This study analyzes the issuing process for securities in light of information asymmetries among and between issuers, underwriters, and investors. It analyzes the issuers' and underwriters' matching of allocation and demand and the resulting consequences for the investors' bidding behavior.
The first chapter uses an original data set of 41 European IPOs brought to the market by a top-tier investment bank. It makes it possible for the first time to consider demand and allocation for institutional and retail investors simultaneously and thereby to analyze all agents at all stages of the bookbuilding process. The chapter provides evidence that uninformed retail investors face a winner's curse. The underwriter has to underprice new issues on average to induce these investors to participate in IPOs. The results also suggest a quid pro quo between the underwriter and informed investors in which the latter receive favorable allocations for guaranteeing the underwriter the placement success in issues with weak demand. It cannot be shown that investors are compensated for revealing their information.

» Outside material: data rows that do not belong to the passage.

(* For every sparse paving matroid $M$, the basis pair graph $G(M)$ is connected.
   Context: A matroid $M$ of rank $r$ is sparse paving if every nonspanning circuit of $M$ is a hyperplane; equivalently, every $r$-element subset of $E(M)$ is either a basis or a circuit-hyperplane. The basis pair graph $G(M)$ has as vertices the ordered triples $(A_1,A_2,A_3)$ of subsets of $E(M)$ where $A_1$ and $A_2$ are disjoint bases of $M$ and $A_3=E(M)-(A_1\cup A_2)$ ($A_3$ need not be a basis). Two vertices $(A_1,A_2,A_3)$ and $(B_1,B_2,B_3)$ are adjacent if $|A_1-B_1|+|A_2-B_2|+|A_3-B_3|=2$, i.e., one is obtained from the other by switching a pair of elements lying in two different sets of the triple. (A graph with no vertices is regarded as connected.) *)

theory Defs
  imports Main
begin

definition matroid :: "'a set \<Rightarrow> ('a set \<Rightarrow> bool) \<Rightarrow> bool" where
  "matroid E indep \<longleftrightarrow>
     finite E \<and>
     (\<forall>X. indep X \<longrightarrow> X \<subseteq> E) \<and>
     indep {} \<and>
     (\<forall>X Y. indep X \<and> Y \<subseteq> X \<longrightarrow> indep Y) \<and>
     (\<forall>X Y. indep X \<and> indep Y \<and> card X < card Y \<longrightarrow>
        (\<exists>e \<in> Y - X. indep (insert e X)))"

definition basis :: "'a set \<Rightarrow> ('a set \<Rightarrow> bool) \<Rightarrow> 'a set \<Rightarrow> bool" where
  "basis E indep B \<longleftrightarrow> indep B \<and> (\<forall>X. indep X \<and> B \<subseteq> X \<and> X \<subseteq> E \<longrightarrow> X = B)"

definition circuit :: "'a set \<Rightarrow> ('a set \<Rightarrow> bool) \<Rightarrow> 'a set \<Rightarrow> bool" where
  "circuit E indep C \<longleftrightarrow> C \<subseteq> E \<and> \<not> indep C \<and> (\<forall>X. X \<subset> C \<longrightarrow> indep X)"
definition r_stirling :: "nat \<Rightarrow> nat \<Rightarrow> nat \<Rightarrow> nat" where
  "r_stirling r n m = card {P. partition_on {1..n} P \<and> card P = m \<and>
      (\<forall>B\<in>P. \<forall>i\<in>{1..r}. \<forall>j\<in>{1..r}. i \<in> B \<and> j \<in> B \<longrightarrow> i = j)}"

definition r_fubini :: "nat \<Rightarrow> nat \<Rightarrow> nat" where
  "r_fubini n r = (\<Sum>k=0..n. fact (k + r) * r_stirling r (n + r) (k + r))"

end

theory Submission
  imports Defs "HOL-Combinatorics.Stirling" "HOL-Number_Theory.Cong"
begin

text \<open>
  Let Fub n = \<Sum>k. k! S(n,k) be the Fubini numbers. Setting aside the partitions in which
  1 and 2 share a block gives F(n,2) = Fub(n+2) - Fub(n+1). Since k! S(n,k) = (\<Delta>^k x^n)(0)
  and \<Delta>^(n+1) annihilates polynomials of degree n, the function
  \<Phi>(N) = \<Sum>k\<le>n. (\<Delta>^k x^n)(N) satisfies \<Phi>(N+1) = 2 \<Phi>(N) - N^n, so
  \<Phi>(N) = 2^N Fub(n) - \<Sum>j<N. 2^(N-1-j) j^n, a finite form of Fub(n) = \<Sum>j. j^n / 2^(j+1).
  On the other hand \<Phi>(N) \<equiv> \<Phi>(0) = Fub(n) modulo N. Taking N = 2^m determines Fub(n)
  modulo 2^m, and turns F(n+P,2) - F(n,2), with P = 2^(m-6), into a sum of the terms
  2^(2^m-1-j) j^(n+1) (j-1) (j^P-1). Each of them is divisible by 2^m: for even j because
  n + 1 \<ge> m, for odd j because j^P \<equiv> 1 modulo 2^(m-4) and 2^(2^m-1-j) (j-1) supplies the
  missing factors of 2.
\<close>

section \<open>Partitions keeping prescribed points apart\<close>

lemma partition_on_insert_singleton:
  assumes "partition_on A Q" "x \<notin> A"
  shows "partition_on (insert x A) (insert {x} Q)"
  using assms by (auto simp: partition_on_def pairwise_insert disjnt_def)

lemma partition_on_remove_block:
  assumes "partition_on A P" "C \<in> P"
  shows "partition_on (A - C) (P - {C})"
proof -
  have "disjnt C (\<Union>(P - {C}))"
    using partition_onD2[OF assms(1)] assms(2) by (auto simp: disjnt_def pairwise_def)
  moreover have "insert C (P - {C}) = P" using assms(2) by blast
  ultimately show ?thesis using partition_on_insert assms(1) by metis
qed

lemma partition_on_remove_singleton:
  assumes "partition_on (insert x A) P" "{x} \<in> P" "x \<notin> A"
  shows "partition_on A (P - {{x}})"
  using partition_on_remove_block[OF assms(1,2)] assms(3) by simp

lemma partition_on_insert_into_block:
  assumes "partition_on A Q" "B \<in> Q" "x \<notin> A"
  shows "partition_on (insert x A) (insert (insert x B) (Q - {B}))"
  using assms by (auto simp: partition_on_def pairwise_def disjnt_def)

lemma partition_on_remove_from_block:
  assumes "partition_on (insert x A) P" "C \<in> P" "x \<in> C" "C \<noteq> {x}" "x \<notin> A"
  shows "partition_on A (insert (C - {x}) (P - {C}))"
proof -
  have "insert x A - C = A - (C - {x})" using assms(3,5) by blast
  then have "partition_on (A - (C - {x})) (P - {C})"
    using partition_on_remove_block[OF assms(1,2)] by simp
  moreover have "C - {x} \<subseteq> A" "C - {x} \<noteq> {}"
    using partition_onD1[OF assms(1)] assms(2-5) by auto
  moreover have "disjnt (C - {x}) (\<Union>(P - {C}))"
    using partition_onD2[OF assms(1)] assms(2) by (auto simp: disjnt_def pairwise_def)
  ultimately show ?thesis by (simp add: partition_on_insert)
qed

definition separating_partitions :: "'a set \<Rightarrow> 'a set \<Rightarrow> nat \<Rightarrow> 'a set set set" where
  "separating_partitions R A k = {P. partition_on A P \<and> card P = k \<and>
      (\<forall>B\<in>P. \<forall>i\<in>R. \<forall>j\<in>R. i \<in> B \<and> j \<in> B \<longrightarrow> i = j)}"

lemma r_stirling_eq_card_separating_partitions:
  "r_stirling r n k = card (separating_partitions {1..r} {1..n} k)"
  by (simp add: r_stirling_def separating_partitions_def)

lemma finite_separating_partitions: "finite A \<Longrightarrow> finite (separating_partitions R A k)"
  by (rule finite_subset[OF _ finitely_many_partition_on]) (auto simp: separating_partitions_def)

lemma separating_partitions_0: "A \<noteq> {} \<Longrightarrow> finite A \<Longrightarrow> separating_partitions R A 0 = {}"
  by (auto simp: separating_partitions_def partition_on_def dest: finite_UnionD)

lemma separating_partitions_self:
  "separating_partitions R R k = (if k = card R then {(\<lambda>x. {x}) ` R} else {})"
proof -
  have singletons: "P = (\<lambda>x. {x}) ` R" if part: "partition_on R P"
    and sep: "\<forall>B\<in>P. \<forall>i\<in>R. \<forall>j\<in>R. i \<in> B \<and> j \<in> B \<longrightarrow> i = j" for P
  proof -
    have cover: "\<Union>P = R" using partition_onD1[OF part] by simp
    have singleton: "B = {x}" if "B \<in> P" "x \<in> B" for B x
    proof -
      have "B \<subseteq> R" using cover that(1) by blast
      then show ?thesis using sep that by blast
    qed
    show ?thesis
    proof (intro set_eqI iffI)
      fix B
      assume "B \<in> P"
      moreover obtain x where "x \<in> B"
        using partition_onD3[OF part] \<open>B \<in> P\<close> by (metis equals0I)
      ultimately have "B = {x}" "x \<in> R" using singleton cover by blast+
      then show "B \<in> (\<lambda>x. {x}) ` R" by blast
    next
      fix B
      assume "B \<in> (\<lambda>x. {x}) ` R"
      then obtain x where "x \<in> R" "B = {x}" by blast
      moreover obtain C where "C \<in> P" "x \<in> C" using cover \<open>x \<in> R\<close> by blast
      ultimately show "B \<in> P" using singleton by metis
    qed
  qed
  have "(\<lambda>x. {x}) ` R \<in> separating_partitions R R (card R)"
    by (simp add: separating_partitions_def partition_on_singletons card_image)
  moreover have "P = (\<lambda>x. {x}) ` R \<and> k = card R" if "P \<in> separating_partitions R R k" for P
    using that singletons[of P] card_image[of "\<lambda>x. {x}" R]
    unfolding separating_partitions_def by auto
  ultimately have "P \<in> separating_partitions R R k \<longleftrightarrow> P = (\<lambda>x. {x}) ` R \<and> k = card R" for P
    by blast
  then show ?thesis by (simp add: set_eq_iff)
qed
(* Let $\mathfrak a$ be an ideal of a commutative ring $R$. (1) Let $f,g_1,\dots,g_k\in R[X]$ be monic with $f=g_1\cdots g_k$. If each $g_i$ is $\mathfrak a$-Weierstrass, then $f$ is $\mathfrak a$-Weierstrass. (2) Let $f,g_1,\dots,g_k\in R[[X]]$ with $f=g_1\cdots g_k$ and let $n\ge0$. If each $g_i$ is $\mathfrak a$-distinguished of order $n_i$ for some integers $n_i\ge0$ with $n=n_1+\cdots+n_k$, then $f$ is $\mathfrak a$-distinguished of order $n$. Moreover, if $\mathfrak a$ is prime, the converses of (1) and (2) hold: in (1), if $f$ is $\mathfrak a$-Weierstrass then each $g_i$ is $\mathfrak a$-Weierstrass; in (2), if $f$ is $\mathfrak a$-distinguished of order $n$ then each $g_i$ is $\mathfrak a$-distinguished of some order $n_i$ with $n=n_1+\cdots+n_k$.
   Context: A polynomial $f\in R[X]$ is $\mathfrak a$-Weierstrass if it is monic and its coefficients of $X^i$ for $i<\deg f$ lie in $\mathfrak a$. A series $f\in R[[X]]$ is $\mathfrak a$-distinguished of order $n$ if the coefficient of $X^n$ is a unit modulo $\mathfrak a$ and the coefficients of $X^i$ for $i<n$ lie in $\mathfrak a$. *)

theory Defs
  imports "HOL-Computational_Algebra.Polynomial" "HOL-Computational_Algebra.Formal_Power_Series"
begin

definition is_ideal :: "'a::comm_ring_1 set \<Rightarrow> bool" where
  "is_ideal I \<longleftrightarrow> 0 \<in> I \<and> (\<forall>x\<in>I. \<forall>y\<in>I. x + y \<in> I) \<and> (\<forall>r. \<forall>x\<in>I. r * x \<in> I)"

definition is_prime_ideal :: "'a::comm_ring_1 set \<Rightarrow> bool" where
  "is_prime_ideal I \<longleftrightarrow> is_ideal I \<and> I \<noteq> UNIV \<and> (\<forall>x y. x * y \<in> I \<longrightarrow> x \<in> I \<or> y \<in> I)"

definition unit_mod :: "'a::comm_ring_1 set \<Rightarrow> 'a \<Rightarrow> bool" where
  "unit_mod I c \<longleftrightarrow> (\<exists>u. c * u - 1 \<in> I)"

definition monic_poly :: "'a::comm_ring_1 poly \<Rightarrow> bool" where
  "monic_poly p \<longleftrightarrow> lead_coeff p = 1"

definition weierstrass :: "'a::comm_ring_1 set \<Rightarrow> 'a poly \<Rightarrow> bool" where
  "weierstrass I f \<longleftrightarrow> monic_poly f \<and> (\<forall>i < degree f. coeff f i \<in> I)"

definition distinguished :: "'a::comm_ring_1 set \<Rightarrow> 'a fps \<Rightarrow> nat \<Rightarrow> bool" where
  "distinguished I f n \<longleftrightarrow> unit_mod I (fps_nth f n) \<and> (\<forall>i < n. fps_nth f i \<in> I)"

end

theory Submission
  imports Defs "HOL-Computational_Algebra.Polynomial_FPS"
begin

unbundle fps_syntax

text \<open>
  If the coefficients of \<open>f\<close> below \<open>m\<close> and those of \<open>g\<close> below \<open>n\<close> lie in \<open>a\<close>, then every term
  of the convolution for the coefficients of \<open>f g\<close> up to \<open>X\<^sup>m\<^sup>+\<^sup>n\<close> has a factor in \<open>a\<close>, except
  \<open>f\<^sub>m g\<^sub>n\<close> in degree \<open>m + n\<close>. Hence distinguished orders add, with leading residues multiplying.
  If \<open>a\<close> is prime, let \<open>n\<^sub>i\<close> be the index of the first coefficient of \<open>g\<^sub>i\<close> outside \<open>a\<close> (it
  exists because \<open>f\<close> has one). The coefficient of \<open>f\<close> at \<open>\<Sum> n\<^sub>i\<close> is then congruent to a
  product of elements outside \<open>a\<close>, hence outside \<open>a\<close>, which forces \<open>\<Sum> n\<^sub>i = n\<close>; and factors
  of a unit modulo \<open>a\<close> are units modulo \<open>a\<close>.
  A monic polynomial is \<open>a\<close>-Weierstrass iff it is \<open>a\<close>-distinguished of order its degree, and
  degrees of monic polynomials add. This reduces the polynomial statements to the series ones; for
  the converse, \<open>n\<^sub>i \<le> deg g\<^sub>i\<close> together with \<open>\<Sum> n\<^sub>i = \<Sum> deg g\<^sub>i\<close> gives \<open>n\<^sub>i = deg g\<^sub>i\<close>.
\<close>

lemma is_ideal_zero: "is_ideal I \<Longrightarrow> 0 \<in> I"
  by (simp add: is_ideal_def)

lemma is_ideal_add: "is_ideal I \<Longrightarrow> x \<in> I \<Longrightarrow> y \<in> I \<Longrightarrow> x + y \<in> I"
  by (simp add: is_ideal_def)

lemma is_ideal_mult_left: "is_ideal I \<Longrightarrow> x \<in> I \<Longrightarrow> r * x \<in> I"
  by (simp add: is_ideal_def)

lemma is_ideal_mult_right: "is_ideal I \<Longrightarrow> x \<in> I \<Longrightarrow> x * r \<in> I"
  by (metis is_ideal_mult_left mult.commute)

lemma is_ideal_diff: "is_ideal I \<Longrightarrow> x \<in> I \<Longrightarrow> y \<in> I \<Longrightarrow> x - y \<in> I"
  using is_ideal_add[of I x "(-1) * y"] is_ideal_mult_left[of I y "-1"] by simp

lemma is_ideal_sum: "is_ideal I \<Longrightarrow> (\<And>x. x \<in> S \<Longrightarrow> f x \<in> I) \<Longrightarrow> sum f S \<in> I"
  by (induction S rule: infinite_finite_induct) (auto simp: is_ideal_zero is_ideal_add)

lemma prime_ideal_one_notin: "is_prime_ideal I \<Longrightarrow> 1 \<notin> I"
  unfolding is_prime_ideal_def using is_ideal_mult_right[of I 1] by auto

lemma prime_ideal_prod_notin:
  assumes "is_prime_ideal I" "finite S" "\<And>i. i \<in> S \<Longrightarrow> c i \<notin> I"
  shows "prod c S \<notin> I"
  using assms(2,3)
  by (induction S rule: finite_induct)
     (use assms(1) prime_ideal_one_notin in \<open>auto simp: is_prime_ideal_def\<close>)

lemma unit_mod_one: "is_ideal I \<Longrightarrow> unit_mod I 1"
  unfolding unit_mod_def using is_ideal_zero by (metis diff_self mult_1)

lemma unit_mod_notin:
  assumes I: "is_ideal I" and "1 \<notin> I" "unit_mod I c"
  shows "c \<notin> I"
proof
  assume "c \<in> I"
  obtain u where "c * u - 1 \<in> I"
    using assms(3) by (auto simp: unit_mod_def)
  with is_ideal_diff[OF I is_ideal_mult_right[OF I \<open>c \<in> I\<close>]] have "c * u - (c * u - 1) \<in> I" .
  with assms(2) show False by simp
qed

The second chapter examines the results of 93 discriminatory Treasury auctions in Germany between 1998 and 2002. It documents the seller's use of discretion and its influence on auction outcomes and bidding strategies. The evidence suggests that the seller uses its discretion frequently and substantially. It does not maximize revenues in a single-period game, but moves up in the competitive demand curve to set the market clearing price close to the market price. Therefore, bidders do not make profits in German auctions, while their bidding strategies reflect the uncertainty created by the seller's discretion. This chapter extends and tests the implications of the multi-unit auction model by Lengwiler (1999). This predicts that the market-clearing price should be independent of the bidding strategies and exclusively depend on the seller's marginal cost. The results broadly support this prediction.